ASSIGNED TASK:
Go through the listing below and show each line that has the word "pointwise".

RECORDS:
Content starts

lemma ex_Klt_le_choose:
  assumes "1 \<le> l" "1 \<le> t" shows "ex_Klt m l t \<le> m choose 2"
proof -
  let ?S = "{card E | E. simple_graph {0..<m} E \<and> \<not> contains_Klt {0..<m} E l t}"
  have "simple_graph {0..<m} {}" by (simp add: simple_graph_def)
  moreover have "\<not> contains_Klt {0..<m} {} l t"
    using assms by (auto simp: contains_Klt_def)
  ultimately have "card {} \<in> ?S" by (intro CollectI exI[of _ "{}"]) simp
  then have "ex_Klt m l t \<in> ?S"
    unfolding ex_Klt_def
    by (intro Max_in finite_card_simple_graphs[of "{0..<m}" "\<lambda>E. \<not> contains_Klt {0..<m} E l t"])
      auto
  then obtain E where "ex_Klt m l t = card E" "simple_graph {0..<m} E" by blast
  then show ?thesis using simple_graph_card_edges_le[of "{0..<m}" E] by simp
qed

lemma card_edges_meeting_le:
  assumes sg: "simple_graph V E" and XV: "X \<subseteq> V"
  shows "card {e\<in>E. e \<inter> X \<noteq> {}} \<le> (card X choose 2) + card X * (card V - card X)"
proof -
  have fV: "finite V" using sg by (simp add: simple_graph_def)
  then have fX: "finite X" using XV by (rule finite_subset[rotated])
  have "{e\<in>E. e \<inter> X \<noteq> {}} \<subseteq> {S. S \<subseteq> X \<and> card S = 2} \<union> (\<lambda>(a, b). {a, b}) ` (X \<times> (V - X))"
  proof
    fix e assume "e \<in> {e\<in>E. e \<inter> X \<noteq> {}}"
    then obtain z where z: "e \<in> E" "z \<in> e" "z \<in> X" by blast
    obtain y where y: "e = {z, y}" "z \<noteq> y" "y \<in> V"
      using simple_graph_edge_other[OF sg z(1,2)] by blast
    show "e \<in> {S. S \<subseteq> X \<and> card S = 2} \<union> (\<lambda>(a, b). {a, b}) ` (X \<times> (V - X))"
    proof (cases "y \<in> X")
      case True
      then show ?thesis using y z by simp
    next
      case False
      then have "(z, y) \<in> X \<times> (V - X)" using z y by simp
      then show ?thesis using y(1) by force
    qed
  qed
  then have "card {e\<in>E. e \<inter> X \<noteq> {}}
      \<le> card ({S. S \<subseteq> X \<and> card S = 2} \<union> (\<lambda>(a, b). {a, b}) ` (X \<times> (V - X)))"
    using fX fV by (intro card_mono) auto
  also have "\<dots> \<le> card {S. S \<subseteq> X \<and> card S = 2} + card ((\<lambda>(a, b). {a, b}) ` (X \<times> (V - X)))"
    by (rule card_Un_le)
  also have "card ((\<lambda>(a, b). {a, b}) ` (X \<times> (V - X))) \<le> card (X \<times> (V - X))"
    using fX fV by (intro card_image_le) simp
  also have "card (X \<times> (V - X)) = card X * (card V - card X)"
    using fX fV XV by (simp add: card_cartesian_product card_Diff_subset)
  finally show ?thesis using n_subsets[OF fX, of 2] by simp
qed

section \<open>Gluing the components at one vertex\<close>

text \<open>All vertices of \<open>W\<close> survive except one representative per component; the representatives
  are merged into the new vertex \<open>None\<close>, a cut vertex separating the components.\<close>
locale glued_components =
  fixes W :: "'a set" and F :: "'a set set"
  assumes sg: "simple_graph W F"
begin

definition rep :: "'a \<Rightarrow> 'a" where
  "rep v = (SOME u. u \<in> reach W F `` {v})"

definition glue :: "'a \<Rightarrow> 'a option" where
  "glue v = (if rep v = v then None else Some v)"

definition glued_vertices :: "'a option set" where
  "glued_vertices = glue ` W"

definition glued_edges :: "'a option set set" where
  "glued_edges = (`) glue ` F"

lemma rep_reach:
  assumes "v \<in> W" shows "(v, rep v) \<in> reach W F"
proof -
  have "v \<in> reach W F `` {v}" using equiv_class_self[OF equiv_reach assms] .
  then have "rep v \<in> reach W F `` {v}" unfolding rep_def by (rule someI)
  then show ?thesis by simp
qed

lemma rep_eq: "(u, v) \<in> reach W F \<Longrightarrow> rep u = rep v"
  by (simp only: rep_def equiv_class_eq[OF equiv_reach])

Content ends
Content starts

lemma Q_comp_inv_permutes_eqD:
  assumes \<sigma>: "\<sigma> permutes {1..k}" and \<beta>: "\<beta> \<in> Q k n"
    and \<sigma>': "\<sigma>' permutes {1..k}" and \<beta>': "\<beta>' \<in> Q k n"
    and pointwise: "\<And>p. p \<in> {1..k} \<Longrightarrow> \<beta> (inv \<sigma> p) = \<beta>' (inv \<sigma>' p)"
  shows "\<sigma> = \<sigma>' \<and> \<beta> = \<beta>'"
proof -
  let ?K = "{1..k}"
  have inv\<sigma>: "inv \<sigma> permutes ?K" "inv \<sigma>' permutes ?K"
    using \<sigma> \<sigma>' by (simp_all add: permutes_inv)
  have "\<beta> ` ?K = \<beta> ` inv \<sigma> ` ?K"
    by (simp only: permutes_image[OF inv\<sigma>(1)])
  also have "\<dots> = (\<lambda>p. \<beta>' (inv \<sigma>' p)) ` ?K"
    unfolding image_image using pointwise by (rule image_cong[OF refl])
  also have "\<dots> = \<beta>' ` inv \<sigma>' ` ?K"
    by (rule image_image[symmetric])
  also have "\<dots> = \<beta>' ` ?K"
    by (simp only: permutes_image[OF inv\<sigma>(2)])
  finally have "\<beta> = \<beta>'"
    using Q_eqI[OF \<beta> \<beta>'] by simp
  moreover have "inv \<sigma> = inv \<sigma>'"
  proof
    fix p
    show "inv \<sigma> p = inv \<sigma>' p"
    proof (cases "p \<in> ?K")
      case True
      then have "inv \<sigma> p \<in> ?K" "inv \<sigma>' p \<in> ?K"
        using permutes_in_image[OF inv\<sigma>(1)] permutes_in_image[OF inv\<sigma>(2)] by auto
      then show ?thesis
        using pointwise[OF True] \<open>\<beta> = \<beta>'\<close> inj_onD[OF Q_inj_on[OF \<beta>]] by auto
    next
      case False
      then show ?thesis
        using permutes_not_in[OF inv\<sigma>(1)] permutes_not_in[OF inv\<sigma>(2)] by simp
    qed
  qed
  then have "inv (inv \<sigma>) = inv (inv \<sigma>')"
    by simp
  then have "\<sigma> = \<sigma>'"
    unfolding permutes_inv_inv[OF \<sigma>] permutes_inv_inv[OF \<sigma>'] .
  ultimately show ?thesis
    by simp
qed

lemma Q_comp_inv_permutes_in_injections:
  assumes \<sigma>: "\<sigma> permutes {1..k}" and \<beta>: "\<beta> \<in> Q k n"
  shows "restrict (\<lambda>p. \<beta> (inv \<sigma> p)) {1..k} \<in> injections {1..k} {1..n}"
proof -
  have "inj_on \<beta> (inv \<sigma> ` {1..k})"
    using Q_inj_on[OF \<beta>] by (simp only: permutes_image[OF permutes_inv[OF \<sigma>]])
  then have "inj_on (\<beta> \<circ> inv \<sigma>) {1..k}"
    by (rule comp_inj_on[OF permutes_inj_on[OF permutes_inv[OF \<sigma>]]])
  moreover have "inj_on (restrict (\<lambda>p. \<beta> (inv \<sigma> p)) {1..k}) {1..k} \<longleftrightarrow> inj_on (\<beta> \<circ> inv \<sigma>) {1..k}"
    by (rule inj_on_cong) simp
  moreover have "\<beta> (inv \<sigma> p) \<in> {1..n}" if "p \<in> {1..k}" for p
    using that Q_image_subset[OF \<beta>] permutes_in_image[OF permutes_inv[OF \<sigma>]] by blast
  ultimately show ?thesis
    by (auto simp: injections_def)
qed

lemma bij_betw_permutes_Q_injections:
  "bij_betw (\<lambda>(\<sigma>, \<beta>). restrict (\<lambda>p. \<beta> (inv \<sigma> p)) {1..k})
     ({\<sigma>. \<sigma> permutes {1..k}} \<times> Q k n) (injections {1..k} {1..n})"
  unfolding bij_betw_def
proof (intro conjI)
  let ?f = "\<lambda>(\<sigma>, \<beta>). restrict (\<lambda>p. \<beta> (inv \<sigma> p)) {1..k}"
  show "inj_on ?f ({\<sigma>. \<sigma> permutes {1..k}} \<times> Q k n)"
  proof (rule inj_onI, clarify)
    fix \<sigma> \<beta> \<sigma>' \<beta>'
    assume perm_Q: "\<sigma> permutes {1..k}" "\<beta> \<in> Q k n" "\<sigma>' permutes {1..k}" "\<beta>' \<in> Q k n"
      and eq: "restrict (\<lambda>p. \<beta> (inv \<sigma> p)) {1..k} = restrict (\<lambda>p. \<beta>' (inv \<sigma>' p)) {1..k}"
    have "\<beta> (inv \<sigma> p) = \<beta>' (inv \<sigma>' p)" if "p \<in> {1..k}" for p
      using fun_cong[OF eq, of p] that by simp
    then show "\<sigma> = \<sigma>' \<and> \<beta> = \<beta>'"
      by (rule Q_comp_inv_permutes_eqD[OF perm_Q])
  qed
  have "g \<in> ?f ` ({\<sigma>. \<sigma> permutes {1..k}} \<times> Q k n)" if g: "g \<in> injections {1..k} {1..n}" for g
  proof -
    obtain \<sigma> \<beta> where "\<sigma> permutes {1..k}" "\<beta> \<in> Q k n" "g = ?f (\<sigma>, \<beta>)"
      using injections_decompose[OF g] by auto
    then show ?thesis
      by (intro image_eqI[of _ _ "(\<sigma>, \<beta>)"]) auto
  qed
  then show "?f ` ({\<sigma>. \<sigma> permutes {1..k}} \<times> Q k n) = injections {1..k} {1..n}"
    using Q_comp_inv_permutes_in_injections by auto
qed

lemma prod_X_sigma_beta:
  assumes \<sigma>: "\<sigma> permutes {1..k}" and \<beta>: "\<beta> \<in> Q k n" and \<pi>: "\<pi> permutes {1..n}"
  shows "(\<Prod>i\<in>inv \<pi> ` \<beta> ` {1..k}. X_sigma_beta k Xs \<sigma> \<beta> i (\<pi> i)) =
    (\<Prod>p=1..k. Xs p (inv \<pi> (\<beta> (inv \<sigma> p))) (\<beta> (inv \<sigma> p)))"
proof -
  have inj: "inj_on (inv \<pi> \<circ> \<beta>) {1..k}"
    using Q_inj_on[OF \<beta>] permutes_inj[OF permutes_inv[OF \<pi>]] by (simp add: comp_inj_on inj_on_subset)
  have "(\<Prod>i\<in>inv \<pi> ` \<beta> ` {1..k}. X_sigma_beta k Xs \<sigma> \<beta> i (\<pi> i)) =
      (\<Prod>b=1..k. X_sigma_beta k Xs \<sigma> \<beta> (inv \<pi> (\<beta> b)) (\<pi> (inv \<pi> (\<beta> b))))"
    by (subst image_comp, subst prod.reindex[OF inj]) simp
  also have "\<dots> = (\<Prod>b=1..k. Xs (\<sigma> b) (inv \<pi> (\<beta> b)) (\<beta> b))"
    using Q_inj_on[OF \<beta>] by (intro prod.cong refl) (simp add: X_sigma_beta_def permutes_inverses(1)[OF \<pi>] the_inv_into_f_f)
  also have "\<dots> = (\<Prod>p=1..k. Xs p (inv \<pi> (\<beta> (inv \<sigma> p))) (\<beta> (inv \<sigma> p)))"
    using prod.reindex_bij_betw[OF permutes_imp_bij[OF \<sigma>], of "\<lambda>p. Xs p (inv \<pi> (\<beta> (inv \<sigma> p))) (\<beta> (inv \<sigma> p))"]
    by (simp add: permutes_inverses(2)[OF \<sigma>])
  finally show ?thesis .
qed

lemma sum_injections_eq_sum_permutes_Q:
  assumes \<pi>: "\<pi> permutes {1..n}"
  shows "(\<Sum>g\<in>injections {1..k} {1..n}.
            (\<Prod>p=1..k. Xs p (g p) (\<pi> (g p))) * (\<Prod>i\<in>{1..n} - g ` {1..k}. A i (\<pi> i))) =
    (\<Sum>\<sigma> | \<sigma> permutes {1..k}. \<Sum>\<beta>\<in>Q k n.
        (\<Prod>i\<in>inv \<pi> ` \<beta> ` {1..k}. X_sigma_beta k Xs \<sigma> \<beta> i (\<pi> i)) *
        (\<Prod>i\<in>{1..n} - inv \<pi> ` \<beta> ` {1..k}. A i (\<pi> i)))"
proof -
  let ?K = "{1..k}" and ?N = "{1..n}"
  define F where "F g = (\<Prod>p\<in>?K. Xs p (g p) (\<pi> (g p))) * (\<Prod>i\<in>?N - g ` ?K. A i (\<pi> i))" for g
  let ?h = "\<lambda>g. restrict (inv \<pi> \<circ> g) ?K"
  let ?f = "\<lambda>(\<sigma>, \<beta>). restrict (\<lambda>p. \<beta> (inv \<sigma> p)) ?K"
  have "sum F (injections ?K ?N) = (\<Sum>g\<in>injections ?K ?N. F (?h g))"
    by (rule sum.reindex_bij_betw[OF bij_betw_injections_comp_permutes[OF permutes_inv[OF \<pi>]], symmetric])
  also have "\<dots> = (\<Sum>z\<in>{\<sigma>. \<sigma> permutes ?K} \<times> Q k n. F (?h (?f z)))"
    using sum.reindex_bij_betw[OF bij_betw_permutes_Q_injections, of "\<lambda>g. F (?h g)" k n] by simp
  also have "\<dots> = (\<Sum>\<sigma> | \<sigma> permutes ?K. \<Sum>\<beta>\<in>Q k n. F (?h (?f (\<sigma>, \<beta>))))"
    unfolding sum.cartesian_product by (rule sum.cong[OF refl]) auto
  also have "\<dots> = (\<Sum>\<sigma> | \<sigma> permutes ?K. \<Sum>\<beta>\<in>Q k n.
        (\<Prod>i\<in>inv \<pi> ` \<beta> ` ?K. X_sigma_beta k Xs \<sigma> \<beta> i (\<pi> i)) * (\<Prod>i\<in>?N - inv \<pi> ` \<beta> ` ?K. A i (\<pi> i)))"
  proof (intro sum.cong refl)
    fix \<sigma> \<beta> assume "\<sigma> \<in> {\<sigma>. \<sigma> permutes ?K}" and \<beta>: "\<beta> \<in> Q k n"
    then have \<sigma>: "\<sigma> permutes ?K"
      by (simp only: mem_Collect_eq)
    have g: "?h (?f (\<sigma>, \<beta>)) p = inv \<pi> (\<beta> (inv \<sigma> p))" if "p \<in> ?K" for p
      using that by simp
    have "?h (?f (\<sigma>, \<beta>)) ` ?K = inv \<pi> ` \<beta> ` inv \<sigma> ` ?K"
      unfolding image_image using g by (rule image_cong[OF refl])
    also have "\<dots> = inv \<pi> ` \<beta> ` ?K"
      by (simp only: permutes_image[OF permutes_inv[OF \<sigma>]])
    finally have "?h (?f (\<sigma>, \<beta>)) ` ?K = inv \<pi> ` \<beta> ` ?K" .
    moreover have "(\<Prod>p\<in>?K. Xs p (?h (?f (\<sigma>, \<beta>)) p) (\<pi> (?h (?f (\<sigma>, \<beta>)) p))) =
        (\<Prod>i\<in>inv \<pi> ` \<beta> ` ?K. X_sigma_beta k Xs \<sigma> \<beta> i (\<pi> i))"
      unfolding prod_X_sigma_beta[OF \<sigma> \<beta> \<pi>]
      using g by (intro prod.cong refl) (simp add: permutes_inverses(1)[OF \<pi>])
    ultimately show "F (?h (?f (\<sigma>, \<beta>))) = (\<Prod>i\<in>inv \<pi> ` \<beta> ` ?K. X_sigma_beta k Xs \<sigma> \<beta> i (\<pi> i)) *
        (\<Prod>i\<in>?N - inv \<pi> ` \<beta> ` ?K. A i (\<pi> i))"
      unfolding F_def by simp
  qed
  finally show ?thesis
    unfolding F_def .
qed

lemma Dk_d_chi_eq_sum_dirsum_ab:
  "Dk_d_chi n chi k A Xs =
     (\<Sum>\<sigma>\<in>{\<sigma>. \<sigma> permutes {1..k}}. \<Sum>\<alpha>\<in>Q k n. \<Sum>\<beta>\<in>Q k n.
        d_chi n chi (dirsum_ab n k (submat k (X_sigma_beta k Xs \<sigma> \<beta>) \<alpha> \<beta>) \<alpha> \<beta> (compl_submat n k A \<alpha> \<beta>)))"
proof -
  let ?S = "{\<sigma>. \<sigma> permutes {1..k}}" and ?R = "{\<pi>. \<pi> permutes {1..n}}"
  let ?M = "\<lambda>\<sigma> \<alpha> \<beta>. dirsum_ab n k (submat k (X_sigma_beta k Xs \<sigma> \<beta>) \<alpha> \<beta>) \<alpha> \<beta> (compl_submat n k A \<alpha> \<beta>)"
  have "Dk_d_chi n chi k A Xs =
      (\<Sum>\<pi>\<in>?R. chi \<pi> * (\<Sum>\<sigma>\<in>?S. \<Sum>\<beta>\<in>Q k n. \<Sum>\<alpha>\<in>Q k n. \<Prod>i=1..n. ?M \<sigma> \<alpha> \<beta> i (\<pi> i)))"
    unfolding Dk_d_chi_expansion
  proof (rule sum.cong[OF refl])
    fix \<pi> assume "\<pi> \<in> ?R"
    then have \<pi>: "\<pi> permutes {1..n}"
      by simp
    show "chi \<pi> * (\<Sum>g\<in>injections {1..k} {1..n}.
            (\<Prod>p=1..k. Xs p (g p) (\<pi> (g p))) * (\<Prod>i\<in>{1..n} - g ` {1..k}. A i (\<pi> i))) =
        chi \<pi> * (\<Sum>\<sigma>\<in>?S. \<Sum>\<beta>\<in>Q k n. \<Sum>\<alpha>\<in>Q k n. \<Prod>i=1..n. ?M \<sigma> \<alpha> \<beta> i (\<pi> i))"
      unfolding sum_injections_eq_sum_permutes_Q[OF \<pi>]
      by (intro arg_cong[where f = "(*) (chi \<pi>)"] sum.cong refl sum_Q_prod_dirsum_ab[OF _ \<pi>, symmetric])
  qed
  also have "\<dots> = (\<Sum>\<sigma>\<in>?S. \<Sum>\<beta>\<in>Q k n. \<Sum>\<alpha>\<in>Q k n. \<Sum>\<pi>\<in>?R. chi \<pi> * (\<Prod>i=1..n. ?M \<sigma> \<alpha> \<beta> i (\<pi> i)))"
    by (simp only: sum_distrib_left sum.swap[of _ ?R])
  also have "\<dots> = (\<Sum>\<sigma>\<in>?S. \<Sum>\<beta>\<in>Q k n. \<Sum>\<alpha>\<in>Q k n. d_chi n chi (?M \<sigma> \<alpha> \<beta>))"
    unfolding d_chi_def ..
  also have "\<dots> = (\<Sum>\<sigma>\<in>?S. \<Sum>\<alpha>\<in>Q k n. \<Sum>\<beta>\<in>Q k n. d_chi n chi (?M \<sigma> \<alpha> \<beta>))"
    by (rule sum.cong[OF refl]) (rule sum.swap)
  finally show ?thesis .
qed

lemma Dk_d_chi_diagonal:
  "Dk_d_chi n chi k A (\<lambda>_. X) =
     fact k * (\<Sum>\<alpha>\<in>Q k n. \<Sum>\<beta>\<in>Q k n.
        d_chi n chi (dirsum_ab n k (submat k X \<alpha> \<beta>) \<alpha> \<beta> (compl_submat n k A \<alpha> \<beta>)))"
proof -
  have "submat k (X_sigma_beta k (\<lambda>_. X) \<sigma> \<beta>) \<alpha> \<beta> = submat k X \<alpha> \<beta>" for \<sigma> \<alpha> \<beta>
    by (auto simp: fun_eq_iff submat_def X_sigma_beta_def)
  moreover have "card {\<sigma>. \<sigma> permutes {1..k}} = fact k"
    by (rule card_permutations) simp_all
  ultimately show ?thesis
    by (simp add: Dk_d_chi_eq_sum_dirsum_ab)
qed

Content ends

TASK SOLUTION:
    and pointwise: "\<And>p. p \<in> {1..k} \<Longrightarrow> \<beta> (inv \<sigma> p) = \<beta>' (inv \<sigma>' p)"
    unfolding image_image using pointwise by (rule image_cong[OF refl])
        using pointwise[OF True] \<open>\<beta> = \<beta>'\<close> inj_onD[OF Q_inj_on[OF \<beta>]] by auto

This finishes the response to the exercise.